Recensie

The City Hotel

‘Sleeping in Art’ has been one of the striking elements of the Motel Mozaïque interdisciplinary festival in Rotterdam right from the start in 2001. During the 2004 event, held on the weekend of April 16-18, the Gemeentehotel by design firm Schie 2.0 was the place to stay.

The Bilderberg-Parkhotel suite

After an unsuccessful attempt to secure the use of a vacant property in the centre of Rotterdam, the Gemeentehotel eventually found its home on the first floor of Las Palmas. For two days and nights the big open floor of the former warehouse became a hotel. Everywhere you looked beds of all sorts and sizes were arranged in dormitory-style rows, in circles or in higgledy-piggledy formations. Among the beds stood two ‘rooms’, one furnished by the Bilderberg-Parkhotel with a king-size bed, red carpet and a seat, while the other had the standard minimum dimensions of a hotel room. There were also two tents, a temporary sleeping unit by Tobias Lehman, a ‘lampshade’ bed by Joost van Alphen, and a bedroom in dark oak by De Opslag.

As guests checked in they had to play a lottery by choosing a number without knowing which was the corresponding bed. No doubt the most appealing prize was the Bilderberg king-size bed with champagne breakfast. But a Red Cross bed in one of the rows, complete with anti-hangover mixture the following morning, had its own charm too of course.

And on the subject of people of all kinds wandering around together: guests included a delegation of ‘residents’ from the Pauluskerk (an organisation that offers help to homeless drug addicts in Rotterdam) accompanied by a supervisor, some refugees supplied by the Mamre refugee organisation, volunteers from Motel Mozaïque, a number of artists who performed at the festival, and of course the festival visitors. The homeless guests from the Pauluskerk slept in one group under the watchful eye of their supervisor and, unlike festival visitors who could stay up deep into the night, they had to be safe and sound in bed by eleven. Some are more equal then others…

Anyone who wants to ‘sleep in art’ next year will have to move fast. The 1-5-star Gemeentehotel by Motel Mozaïque was fully booked out well in advance of the festival weekend.

Motel Mozaïque, born during Rotterdam Cultural Capital 2001, is organised every year by Nighttown (pop concert hall), the Rotterdam City Theatre and TENT. Centre for visual arts. The event comprises a colourful programme of music, performances and art. In 2001 TENT. offered festival visitors a room for the night, in sleeping quarters furnished by artists. Festival visitors could spend the night in sleeping capsules by Bik van der Pol, or in a women’s communal bed by Joep van Lieshout.

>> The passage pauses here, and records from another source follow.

(* Let $V:\Omega\to[1,\infty)$ be measurable, $\varphi$ an admissible rate function, and $S$ a stochastic operator on $\mathcal M_V$. Assume: (1) $S$ satisfies the weak Lyapunov condition for $V,\varphi$: there exist $K>0$ and $0<\varsigma<1$ with $$\|S\mu\|_V+\varsigma\|\mu\|_{\varphi(V)}\le\|\mu\|_V+K\|\mu\|\qquad\text{for all }\mu\in\mathcal M_V;$$ (2) for some integer $N\ge1$, $S^N$ satisfies the local coupling condition for the weight $\varphi(V)$: there exist $0<\gamma_H<1$ and $A>K/\varsigma$ such that for every $\nu\in\mathcal N_{\varphi(V)}$ with $\|\nu\|_{\varphi(V)}\le A\|\nu\|$ one has $\|S^N\nu\|\le\gamma_H\|\nu\|$. Set $\beta:=(1-\gamma_H)/(KN)$, $\alpha:=\beta(\varsigma-K/A)>0$ and $|||\mu|||_V:=\|\mu\|+\beta\|\mu\|_V$ for $\mu\in\mathcal M_V$. Then for every $\nu\in\mathcal N_V$ there exists an integer $n$ with $N\le n\le 2N-1$ such that $$|||S^n\nu|||_V+\alpha\sum_{k=0}^{n-1}\|S^k\nu\|_{\varphi(V)}\le|||\nu|||_V .$$
   Context: Let $(\Omega,\mathcal E)$ be a measurable space. $\mathcal M$ denotes the space of finite signed measures on $\Omega$, $\mathcal P\subset\mathcal M$ the set of probability measures, and $\mathcal N=\{\nu\in\mathcal M:\nu(\Omega)=0\}$. For $\mu\in\mathcal M$ with Hahn–Jordan decomposition $\mu=\mu_+-\mu_-$, $|\mu|=\mu_++\mu_-$ and $\|\mu\|=\int_\Omega d|\mu|$ is the total variation norm. For a measurable $W:\Omega\to[1,\infty)$, $\|\mu\|_W=\int_\Omega W\,d|\mu|$, $\mathcal M_W=\{\mu\in\mathcal M:\|\mu\|_W<\infty\}$, $\mathcal P_W=\mathcal P\cap\mathcal M_W$, $\mathcal N_W=\mathcal N\cap\mathcal M_W$. A stochastic operator is a linear map $S:\mathcal M\to\mathcal M$ with $S(\mathcal P)\subseteq\mathcal P$; it is a stochastic operator on $\mathcal M_W$ if moreover $S(\mathcal M_W)\subseteq\mathcal M_W$ and the restriction is bounded for $\|\cdot\|_W$. An admissible rate function is a concave function $\varphi:[1,\infty)\to[1,\infty)$ with $\varphi(1)=1$ and $\varphi(v)/v\to0$ as $v\to\infty$; $\varphi(V)$ denotes the composition $\varphi\circ V$. *)

theory Defs
  imports "HOL-Analysis.Analysis"
begin

text \<open>Finite signed measures on the measurable space M, represented as real-valued
  set functions which vanish outside the sigma algebra and are countably additive.\<close>

definition fsm :: "'a measure \<Rightarrow> ('a set \<Rightarrow> real) set" where
  "fsm M = {\<mu>. (\<forall>A. A \<notin> sets M \<longrightarrow> \<mu> A = 0) \<and>
     (\<forall>F::nat \<Rightarrow> 'a set. range F \<subseteq> sets M \<longrightarrow> disjoint_family F \<longrightarrow>
        (\<lambda>i. \<mu> (F i)) sums \<mu> (\<Union>i. F i))}"

definition prob_fsm :: "'a measure \<Rightarrow> ('a set \<Rightarrow> real) set" where
  "prob_fsm M = {\<mu> \<in> fsm M. (\<forall>A\<in>sets M. 0 \<le> \<mu> A) \<and> \<mu> (space M) = 1}"

definition tv_measure :: "'a measure \<Rightarrow> ('a set \<Rightarrow> real) \<Rightarrow> 'a measure" where
  "tv_measure M \<mu> = measure_of (space M) (sets M)
     (\<lambda>A. SUP P \<in> {P. finite P \<and> P \<subseteq> sets M \<and> disjoint P \<and> \<Union>P = A}.
              ennreal (\<Sum>B\<in>P. \<bar>\<mu> B\<bar>))"

definition wnorm_ext :: "'a measure \<Rightarrow> ('a \<Rightarrow> real) \<Rightarrow> ('a set \<Rightarrow> real) \<Rightarrow> ennreal" where
  "wnorm_ext M W \<mu> = (\<integral>\<^sup>+ x. ennreal (W x) \<partial>(tv_measure M \<mu>))"

definition wnorm :: "'a measure \<Rightarrow> ('a \<Rightarrow> real) \<Rightarrow> ('a set \<Rightarrow> real) \<Rightarrow> real" where
  "wnorm M W \<mu> = enn2real (wnorm_ext M W \<mu>)"

definition tvnorm :: "'a measure \<Rightarrow> ('a set \<Rightarrow> real) \<Rightarrow> real" where
  "tvnorm M \<mu> = wnorm M (\<lambda>_. 1) \<mu>"

definition M_W :: "'a measure \<Rightarrow> ('a \<Rightarrow> real) \<Rightarrow> ('a set \<Rightarrow> real) set" where
  "M_W M W = {\<mu> \<in> fsm M. wnorm_ext M W \<mu> < \<infinity>}"

definition N_W :: "'a measure \<Rightarrow> ('a \<Rightarrow> real) \<Rightarrow> ('a set \<Rightarrow> real) set" where
  "N_W M W = {\<mu> \<in> M_W M W. \<mu> (space M) = 0}"

definition stochastic_op :: "'a measure \<Rightarrow> (('a set \<Rightarrow> real) \<Rightarrow> ('a set \<Rightarrow> real)) \<Rightarrow> bool" where
  "stochastic_op M S \<longleftrightarrow>
     (\<forall>\<mu>\<in>fsm M. S \<mu> \<in> fsm M) \<and>
     (\<forall>\<mu>\<in>fsm M. \<forall>\<nu>\<in>fsm M. \<forall>a b::real.
         S (\<lambda>A. a * \<mu> A + b * \<nu> A) = (\<lambda>A. a * S \<mu> A + b * S \<nu> A)) \<and>
     (\<forall>\<mu>\<in>prob_fsm M. S \<mu> \<in> prob_fsm M)"

definition stochastic_op_W :: "'a measure \<Rightarrow> ('a \<Rightarrow> real) \<Rightarrow> (('a set \<Rightarrow> real) \<Rightarrow> ('a set \<Rightarrow> real)) \<Rightarrow> bool" where
  "stochastic_op_W M W S \<longleftrightarrow> stochastic_op M S \<and>
     (\<forall>\<mu>\<in>M_W M W. S \<mu> \<in> M_W M W) \<and>
     (\<exists>C. \<forall>\<mu>\<in>M_W M W. wnorm M W (S \<mu>) \<le> C * wnorm M W \<mu>)"

definition admissible_rate :: "(real \<Rightarrow> real) \<Rightarrow> bool" where
  "admissible_rate \<phi> \<longleftrightarrow> concave_on {1..} \<phi> \<and> (\<forall>v\<ge>1. \<phi> v \<ge> 1) \<and> \<phi> 1 = 1 \<and>
     ((\<lambda>v. \<phi> v / v) \<longlongrightarrow> 0) at_top"

end

theory Submission
  imports Defs
begin

text \<open>
  The variation \<open>|\<mu>|\<close>, the supremum of \<open>\<Sum>B\<in>P. |\<mu> B|\<close> over finite measurable
  partitions \<open>P\<close>, is countably additive, so \<open>\<mu> = (|\<mu>| + \<mu>)/2 - (|\<mu>| - \<mu>)/2\<close> is a difference
  of nonnegative measures whose masses add up to the total variation norm of \<open>\<mu>\<close>. A stochastic
  operator maps nonnegative measures to nonnegative measures of the same mass; hence it
  preserves total mass and does not increase the total variation norm. Along the orbit of a
  measure \<open>\<nu>\<close> of mass zero the total variation norms \<open>t k\<close> of \<open>S^k \<nu>\<close> therefore decrease,
  and, because a concave rate function grows at most linearly, every \<open>S^k \<nu>\<close> lies in the
  domain of the coupling condition.

  With \<open>a k\<close> and \<open>b k\<close> the \<open>V\<close>- and \<open>\<phi>(V)\<close>-norms of \<open>S^k \<nu>\<close>, summing the Lyapunov
  inequality gives \<open>a n + \<sigma> * (\<Sum>k<n. b k) \<le> a 0 + K * (\<Sum>k<n. t k)\<close>. Let \<open>j < N\<close> be the
  first index with \<open>b j \<le> A * t j\<close>. Before \<open>j\<close> each \<open>K * t k\<close> is absorbed by \<open>K / A * b k\<close>;
  the coupling condition gives \<open>t (j + N) \<le> \<gamma> * t 0\<close>, and the \<open>N\<close> remaining terms cost at most
  \<open>K * N * t 0 = (1 - \<gamma>) * t 0 / \<beta>\<close>. This is the claim with \<open>n = j + N\<close>; if there is no
  such \<open>j\<close>, every term is absorbed and \<open>n = N\<close> works.
\<close>

section \<open>Total variation\<close>

definition measurable_partitions :: "'a measure \<Rightarrow> 'a set \<Rightarrow> 'a set set set" where
  "measurable_partitions M A = {P. finite P \<and> P \<subseteq> sets M \<and> disjoint P \<and> \<Union>P = A}"

definition variation :: "'a measure \<Rightarrow> ('a set \<Rightarrow> real) \<Rightarrow> 'a set \<Rightarrow> ennreal" where
  "variation M \<mu> A = (SUP P \<in> measurable_partitions M A. ennreal (\<Sum>B\<in>P. \<bar>\<mu> B\<bar>))"

lemma tv_measure_eq_variation: "tv_measure M \<mu> = measure_of (space M) (sets M) (variation M \<mu>)"
  unfolding tv_measure_def variation_def measurable_partitions_def by simp

lemma fsm_sums:
  "\<mu> \<in> fsm M \<Longrightarrow> range F \<subseteq> sets M \<Longrightarrow> disjoint_family F \<Longrightarrow> (\<lambda>i. \<mu> (F i)) sums \<mu> (\<Union>i. F i)"
  unfolding fsm_def by blast

lemma fsm_notin_sets: "\<mu> \<in> fsm M \<Longrightarrow> A \<notin> sets M \<Longrightarrow> \<mu> A = 0"
  unfolding fsm_def by blast

lemma fsm_empty:
  assumes "\<mu> \<in> fsm M" shows "\<mu> {} = 0"
proof -
  have "(\<lambda>i. \<mu> {}) sums \<mu> (\<Union>i::nat. {})"
    by (rule fsm_sums[OF assms]) (auto simp: disjoint_family_on_def)
  then show ?thesis by (simp add: sums_iff summable_const_iff)
qed

lemma variation_upper:
  "P \<in> measurable_partitions M A \<Longrightarrow> ennreal (\<Sum>B\<in>P. \<bar>\<mu> B\<bar>) \<le> variation M \<mu> A"
  unfolding variation_def by (rule SUP_upper)

lemma singleton_measurable_partition: "A \<in> sets M \<Longrightarrow> {A} \<in> measurable_partitions M A"
  by (simp add: measurable_partitions_def)

lemma abs_le_variation: "A \<in> sets M \<Longrightarrow> ennreal \<bar>\<mu> A\<bar> \<le> variation M \<mu> A"
  using variation_upper[OF singleton_measurable_partition, of A M \<mu>] by simp

lemma variation_empty:
  assumes "\<mu> {} = 0" shows "variation M \<mu> {} = 0"
proof -
  have "(\<Sum>B\<in>P. \<bar>\<mu> B\<bar>) = 0" if "P \<in> measurable_partitions M {}" for P
    using that assms by (intro sum.neutral) (auto simp: measurable_partitions_def)
  then show ?thesis
    unfolding variation_def by (metis SUP_least ennreal_0 le_zero_eq)
qed
lemma klee_contraction:
  assumes "klee VK EK" "triangle EK T" "contraction VK EK T c VB EB" "simple_graph VB EB" "4 \<le> card VB"
  shows "klee VB EB"
  using assms
proof (induction arbitrary: T c VB EB rule: klee.induct)
  case (K4 V E)
  then have "card V = 4" "card T = 3" by (simp_all add: is_K4_def triangle_def)
  moreover have "finite V" using \<open>card V = 4\<close> by (metis card.infinite zero_neq_numeral)
  ultimately have "card VB = 2" using card_contraction[OF K4.prems(2)] by simp
  then show ?case using K4.prems(4) by simp
next
  case (step V E w v1 v2 v3 x1 x2 x3)
  have inv: "cubic V E" "card V = 4 \<or> diamond_free E"
    using klee_cubic_diamond_free[OF step.hyps(1)] by blast+
  interpret H: triangle_replacement V E w v1 v2 v3 x1 x2 x3
    using inv(1) step.hyps(2) by unfold_locales (simp add: cubic_def)
  consider (new) "T = {v1, v2, v3}" | (old) "T \<subseteq> V - {w}" "triangle E T"
    using H.triangle_expanded_cases[OF step.prems(1)] by blast
  then show ?case
  proof cases
    case new
    have "graph_iso V E VB EB"
      by (rule contractions_graph_iso[OF H.contraction_expanded step.prems(2)[unfolded new] H.simple step.prems(3)])
    then show ?thesis using klee.iso[OF step.hyps(1) step.prems(3)] by blast
  next
    case old
    show ?thesis
    proof (cases "card V = 4")
      case True
      then show ?thesis by (rule H.klee_contraction_expanded_K4[OF inv(1) _ step.prems(1-3)])
    next
      case False
      then have df: "diamond_free E" using inv(2) by blast
      have "T \<noteq> {}" using old(2) unfolding triangle_def by auto
      then obtain c0 where c0: "c0 \<in> T" by blast
      have CG: "contraction V E T c0 (insert c0 (V - T)) (contract_edges E T c0)"
        by (rule contraction_contract_edges[OF _ c0]) (use old(1) in blast)
      have "4 \<le> card (insert c0 (V - T))"
        using card_contraction[OF CG simple_graph_finite[OF H.simple]] old(2)
          card_ge_6_if_triangle[OF inv(1) df old(2)] by (simp add: triangle_def)
      then have "klee (insert c0 (V - T)) (contract_edges E T c0)"
        using step.IH[OF old(2) CG simple_graph_contract_edges[OF H.simple c0]] by blast
      then show ?thesis by (rule H.klee_contraction_old_triangle[OF _ c0 old df step.prems(2,3)])
    qed
  qed
next
  case (iso V E V2 E2)
  have sV: "simple_graph V E" using klee_cubic_diamond_free[OF iso.hyps(1)] by (simp add: cubic_def)
  obtain T0 c0 where T0: "triangle E T0" "c0 \<in> T0" "card (insert c0 (V - T0)) = card VB"
    and iso0: "graph_iso (insert c0 (V - T0)) (contract_edges E T0 c0) VB EB"
    by (rule contraction_along_graph_iso[OF iso.hyps(3) sV iso.hyps(2) iso.prems(1-3)])
  have "contraction V E T0 c0 (insert c0 (V - T0)) (contract_edges E T0 c0)"
    by (rule contraction_contract_edges[OF triangle_subset[OF sV T0(1)] T0(2)])
  then have "klee (insert c0 (V - T0)) (contract_edges E T0 c0)"
    using iso.IH[OF T0(1) _ simple_graph_contract_edges[OF sV T0(2)]] T0(3) iso.prems(4) by simp
  then show ?case using klee.iso[OF _ iso.prems(3) iso0] by blast
qed
(* Fix $p\in[0,1]$ and a sequence $\{\gamma_n\}$ with $\gamma_n\in[0,\frac12]$, $\gamma_n/\sqrt{\log n/n}\to\infty$ and $\gamma_n\to0$. For each $n$ let $\mathcal G_n(p)$ be the set of all graphs $G=(\mathcal V,\mathcal E)$ with $n$ vertices such that (1) every vertex has degree between $pn(1-\gamma_n)$ and $pn(1+\gamma_n)$, and (2) for all $u,v\in\mathcal V$, $|\mathcal N(u)\cap\mathcal N(v)|/|\mathcal N(v)|\ge p(1-\gamma_n)$. Let $G$ be an Erdős–Rényi random graph with $n$ vertices and edge probability $p$. Then there is a sequence $\theta_n\to0$ such that for every $n$, $\mathbb P(G\in\mathcal G_n(p))\ge1-\theta_n$.
   Context: $\mathcal N(v)$ denotes the set of neighbors of $v$ in $G$. *)

theory Defs
  imports Complex_Main
begin

definition all_edges :: "nat \<Rightarrow> nat set set" where
  "all_edges n = {{u, v} | u v. u < n \<and> v < n \<and> u \<noteq> v}"

definition simple_graphs :: "nat \<Rightarrow> nat set set set" where
  "simple_graphs n = Pow (all_edges n)"

definition nbrs :: "nat set set \<Rightarrow> nat \<Rightarrow> nat set" where
  "nbrs E v = {u. {u, v} \<in> E}"

definition in_Gn :: "nat \<Rightarrow> real \<Rightarrow> real \<Rightarrow> nat set set \<Rightarrow> bool" where
  "in_Gn n p \<gamma> E \<longleftrightarrow>
     (\<forall>v<n. p * real n * (1 - \<gamma>) \<le> real (card (nbrs E v))
             \<and> real (card (nbrs E v)) \<le> p * real n * (1 + \<gamma>))
   \<and> (\<forall>u<n. \<forall>v<n. real (card (nbrs E u \<inter> nbrs E v)) / real (card (nbrs E v))
                     \<ge> p * (1 - \<gamma>))"

definition er_prob :: "nat \<Rightarrow> real \<Rightarrow> (nat set set \<Rightarrow> bool) \<Rightarrow> real" where
  "er_prob n p P = (\<Sum>E \<in> {E \<in> simple_graphs n. P E}.
       p ^ card E * (1 - p) ^ (card (all_edges n) - card E))"

end

theory Submission
  imports Defs "HOL-Probability.Probability"
begin

(* Encode G(n,p) by independent Bernoulli coins, one per potential edge. The degree of v is a
   sum of n - 1 of these coins, and for u \<noteq> v and c = p(1 - \<gamma>) the statistic
   |N(u) \<inter> N(v)| - c |N(v) - {u}| is a sum of n - 2 independent terms with range of width 1,
   one for each third vertex w, with mean (n - 2) p\<^sup>2 \<gamma>; since |N(v)| \<le> |N(v) - {u}| + 1 and
   c \<le> 1, the statistic being at least 1 yields |N(u) \<inter> N(v)| \<ge> c |N(v)|. Hoeffding's inequality bounds the
   probability that a degree leaves [pn(1 - \<gamma>), pn(1 + \<gamma>)] by 2/n\<^sup>2 and that the statistic
   drops below 1 by 1/n\<^sup>3 as soon as n \<gamma>\<^sup>2 p\<^sup>4 \<ge> 24 ln n, which the growth condition on \<gamma>
   guarantees eventually. A union bound over the n vertices and n\<^sup>2 pairs leaves failure
   probability at most 3/n. *)

section \<open>Hoeffding's inequality for functions of disjoint blocks of coordinates\<close>

lemma borel_measurable_PiM_finite_countable:
  fixes g :: "('a \<Rightarrow> 'b::countable) \<Rightarrow> real"
  assumes "finite I"
  shows "g \<in> borel_measurable (Pi\<^sub>M I (\<lambda>_. count_space UNIV))"
proof (rule measurableI)
  fix A :: "real set"
  let ?M = "Pi\<^sub>M I (\<lambda>_. count_space (UNIV :: 'b set))"
  have singleton: "{x} \<in> sets ?M" if "x \<in> space ?M" for x
  proof -
    have "{x} = Pi\<^sub>E I (\<lambda>i. {x i})"
      using that by (auto simp: space_PiM PiE_iff intro!: PiE_singleton[symmetric])
    moreover have "Pi\<^sub>E I (\<lambda>i. {x i}) \<in> sets ?M"
      using assms by (intro sets_PiM_I_finite) auto
    ultimately show ?thesis
      by (simp only:)
  qed
  have "countable (space ?M)"
    using assms by (auto simp: space_PiM intro!: countable_PiE)
  then have "countable (g -` A \<inter> space ?M)"
    by (rule countable_subset[rotated]) auto
  then show "g -` A \<inter> space ?M \<in> sets ?M"
    by (rule sets.countable[rotated]) (auto intro: singleton)
qed simp

lemma indep_vars_Pi_pmf_local_functions:
  fixes Q :: "'a \<Rightarrow> 'b::countable pmf" and X :: "'c \<Rightarrow> ('a \<Rightarrow> 'b) \<Rightarrow> real"
  assumes "finite A"
    and K: "\<And>w. w \<in> L \<Longrightarrow> K w \<subseteq> A" "disjoint_family_on K L"
    and locality: "\<And>w f g. w \<in> L \<Longrightarrow> (\<And>e. e \<in> K w \<Longrightarrow> f e = g e) \<Longrightarrow> X w f = X w g"
  shows "prob_space.indep_vars (measure_pmf (Pi_pmf A d Q)) (\<lambda>_. borel) X L"
proof -
  define M where "M = measure_pmf (Pi_pmf A d Q)"
  interpret P: prob_space M
    unfolding M_def by (rule measure_pmf.prob_space_axioms)
  have "P.indep_vars (\<lambda>_. count_space UNIV) (\<lambda>e f. f e) A"
    unfolding M_def by (rule indep_vars_Pi_pmf[OF \<open>finite A\<close>])
  then have "P.indep_vars (\<lambda>w. Pi\<^sub>M (K w) (\<lambda>_. count_space UNIV)) (\<lambda>w f. restrict f (K w)) L"
    by (rule P.indep_vars_restrict[OF _ K])
  then have "P.indep_vars (\<lambda>_. borel) (\<lambda>w f. X w (restrict f (K w))) L"
  proof (rule P.indep_vars_compose2)
    fix w assume "w \<in> L"
    then have "finite (K w)"
      using K(1) \<open>finite A\<close> by (blast intro: finite_subset)
    then show "X w \<in> borel_measurable (Pi\<^sub>M (K w) (\<lambda>_. count_space UNIV))"
      by (rule borel_measurable_PiM_finite_countable)
  qed
  moreover have "(\<lambda>f. X w (restrict f (K w))) = X w" if "w \<in> L" for w
    by (rule ext, rule locality[OF that]) simp
  ultimately have "P.indep_vars (\<lambda>_. borel) X L"
    using P.indep_vars_cong[where I = L and J = L and X = "\<lambda>w f. X w (restrict f (K w))" and Y = X
        and M' = "\<lambda>_. borel" and N' = "\<lambda>_. borel"]
    by blast
  then show ?thesis
    by (simp only: M_def)
qed
definition Delta_K :: "real \<Rightarrow> real \<Rightarrow> real \<Rightarrow> real" where
  "Delta_K M a r = r\<^sup>2 - 2 * M * r + a\<^sup>2"

definition r_plus :: "real \<Rightarrow> real \<Rightarrow> real" where
  "r_plus M a = M + sqrt (M\<^sup>2 - a\<^sup>2)"

text \<open>Kerr metric in ingoing Eddington--Finkelstein coordinates (v,r,theta,phi), evaluated
  on a vector with components (Xv, Xr, Xth, Xph) at the point with coordinates r, theta
  (the metric does not depend on v, phi). Signature (+,-,-,-).\<close>
definition kerr_g :: "real \<Rightarrow> real \<Rightarrow> real \<Rightarrow> real \<Rightarrow> real \<times> real \<times> real \<times> real \<Rightarrow> real" where
  "kerr_g M a r \<theta> X = (case X of (Xv, Xr, Xth, Xph) \<Rightarrow>
     (let \<Sigma> = Sigma_K a r \<theta>; \<Delta> = Delta_K M a r; s2 = (sin \<theta>)\<^sup>2 in
       - 2 * Xr * Xv
       + 2 * a * s2 * Xph * Xr
       + (4 * M * a * r * s2 / \<Sigma>) * Xph * Xv
       + ((\<Delta> - a\<^sup>2 * s2) / \<Sigma>) * Xv\<^sup>2
       + ((a\<^sup>2 * s2 * \<Delta> - (a\<^sup>2 + r\<^sup>2)\<^sup>2) / \<Sigma>) * s2 * Xph\<^sup>2
       - \<Sigma> * Xth\<^sup>2))"

definition smooth_on :: "real set \<Rightarrow> (real \<Rightarrow> real) \<Rightarrow> bool" where
  "smooth_on U f \<longleftrightarrow> (\<forall>n. ((deriv ^^ n) f) differentiable_on U)"

text \<open>A horizon crossing function t = v - k(r).\<close>
definition horizon_crossing :: "real \<Rightarrow> real \<Rightarrow> (real \<Rightarrow> real) \<Rightarrow> bool" where
  "horizon_crossing M a k \<longleftrightarrow>
     (\<exists>U. open U \<and> {r_plus M a..} \<subseteq> U \<and> smooth_on U k)
   \<and> (\<forall>r \<theta> Xv Xr Xth Xph. r > r_plus M a \<and> 0 < \<theta> \<and> \<theta> < pi
        \<and> Xv = deriv k r * Xr \<and> (Xv, Xr, Xth, Xph) \<noteq> (0, 0, 0, 0)
        \<longrightarrow> kerr_g M a r \<theta> (Xv, Xr, Xth, Xph) < 0)
   \<and> (\<lambda>r. deriv k r - (a\<^sup>2 + r\<^sup>2) / Delta_K M a r) \<in> O[at_top](\<lambda>r. 1 / r\<^sup>2)"

definition h_hor :: "real \<Rightarrow> real \<Rightarrow> real \<Rightarrow> real \<Rightarrow> real" where
  "h_hor M a C r = 2 * (r - r_plus M a) + 4 * M * ln (r / r_plus M a)
     + 3 * M\<^sup>2 * (r_plus M a - r)\<^sup>2 / (r_plus M a * r\<^sup>2)
     + 2 * M * arctan ((C - 1) * M / r) - 2 * M * arctan ((C - 1) * M / r_plus M a)"

end

theory Submission
  imports Defs "HOL-Real_Asymp.Real_Asymp"
begin

(* Along a level set of t = v - k(r) one has dv = kappa dr with kappa = k'(r).  On such
   vectors Sigma times the metric, minus the d theta part, is a quadratic form in (dr, dphi)
   whose dphi^2 coefficient is negative and whose discriminant is
   4 sin^2 theta Sigma^2 (Delta kappa^2 - 2 (r^2 + a^2) kappa + a^2 sin^2 theta);
   so the level sets are spacelike as soon as Delta kappa^2 - 2 (r^2 + a^2) kappa + a^2 < 0.
   With kappa = 1 + e and Delta <= (r - M)^2 this follows from 0 <= e and e (r - M) <= r,
   two elementary estimates on the explicit derivative k'.  Smoothness holds because k is
   built from ln, arctan and rational functions on r > 0, a class closed under
   differentiation; the asymptotic condition is a direct expansion at infinity. *)

inductive_set elementary_on :: "real set \<Rightarrow> (real \<Rightarrow> real) set" for U :: "real set" where
  const: "(\<lambda>x. c) \<in> elementary_on U"
| ident: "(\<lambda>x. x) \<in> elementary_on U"
| add: "f \<in> elementary_on U \<Longrightarrow> g \<in> elementary_on U \<Longrightarrow> (\<lambda>x. f x + g x) \<in> elementary_on U"
| mult: "f \<in> elementary_on U \<Longrightarrow> g \<in> elementary_on U \<Longrightarrow> (\<lambda>x. f x * g x) \<in> elementary_on U"
| inverse: "f \<in> elementary_on U \<Longrightarrow> \<forall>x\<in>U. f x \<noteq> 0 \<Longrightarrow> (\<lambda>x. inverse (f x)) \<in> elementary_on U"
| ln: "f \<in> elementary_on U \<Longrightarrow> \<forall>x\<in>U. f x > 0 \<Longrightarrow> (\<lambda>x. ln (f x)) \<in> elementary_on U"
| arctan: "f \<in> elementary_on U \<Longrightarrow> (\<lambda>x. arctan (f x)) \<in> elementary_on U"
(* Closure under agreement on U is what makes the class stable under deriv: the derivative
   of a member is known to agree with another member only on U. *)
| cong: "f \<in> elementary_on U \<Longrightarrow> \<forall>x\<in>U. g x = f x \<Longrightarrow> g \<in> elementary_on U"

This year TENT. wanted to shift the focus to the exhibition ‘Sons & Dottirs’, featuring work by Icelandic artists, and a music program by the VPRO’s 3voor12. The search was for a new solution to the sleeping question, and Schie 2.0 was asked to come up with an idea. Their answer was the Gemeentehotel (‘City Hotel’), the ‘welcoming, public sleeping area in Rotterdam’, intended not only for festival visitors but also for the homeless, tourists and refugees – in fact, for everyone who sometimes needs a roof over their heads.

The Gemeentehotel was Schie’s reaction to the ‘increasingly repressive ‘gated-community’ policy pursued by Rotterdam city council, which is detrimental to the urban dynamism of the city’. The hotel was a reaction to the way city authorities are trying to ‘clean up’ the public domain and confine each function a more-or-less designated area. In the hotel, by contrast, everything was jumbled up together in one big open space used for sleeping, eating and entertaining. Apart from offering shelter to all kinds of guests, the hotel came about thanks to the support of a host of organisations and individuals. Beds were provided by the Red Cross, generous Rotterdammers, and the Bilderberg-Parkhotel. Breakfast was served by the Hilton Hotel, the youth wing of the Socialist Party, the Sailors’ Home, the African Association and also by generous Rotterdammers.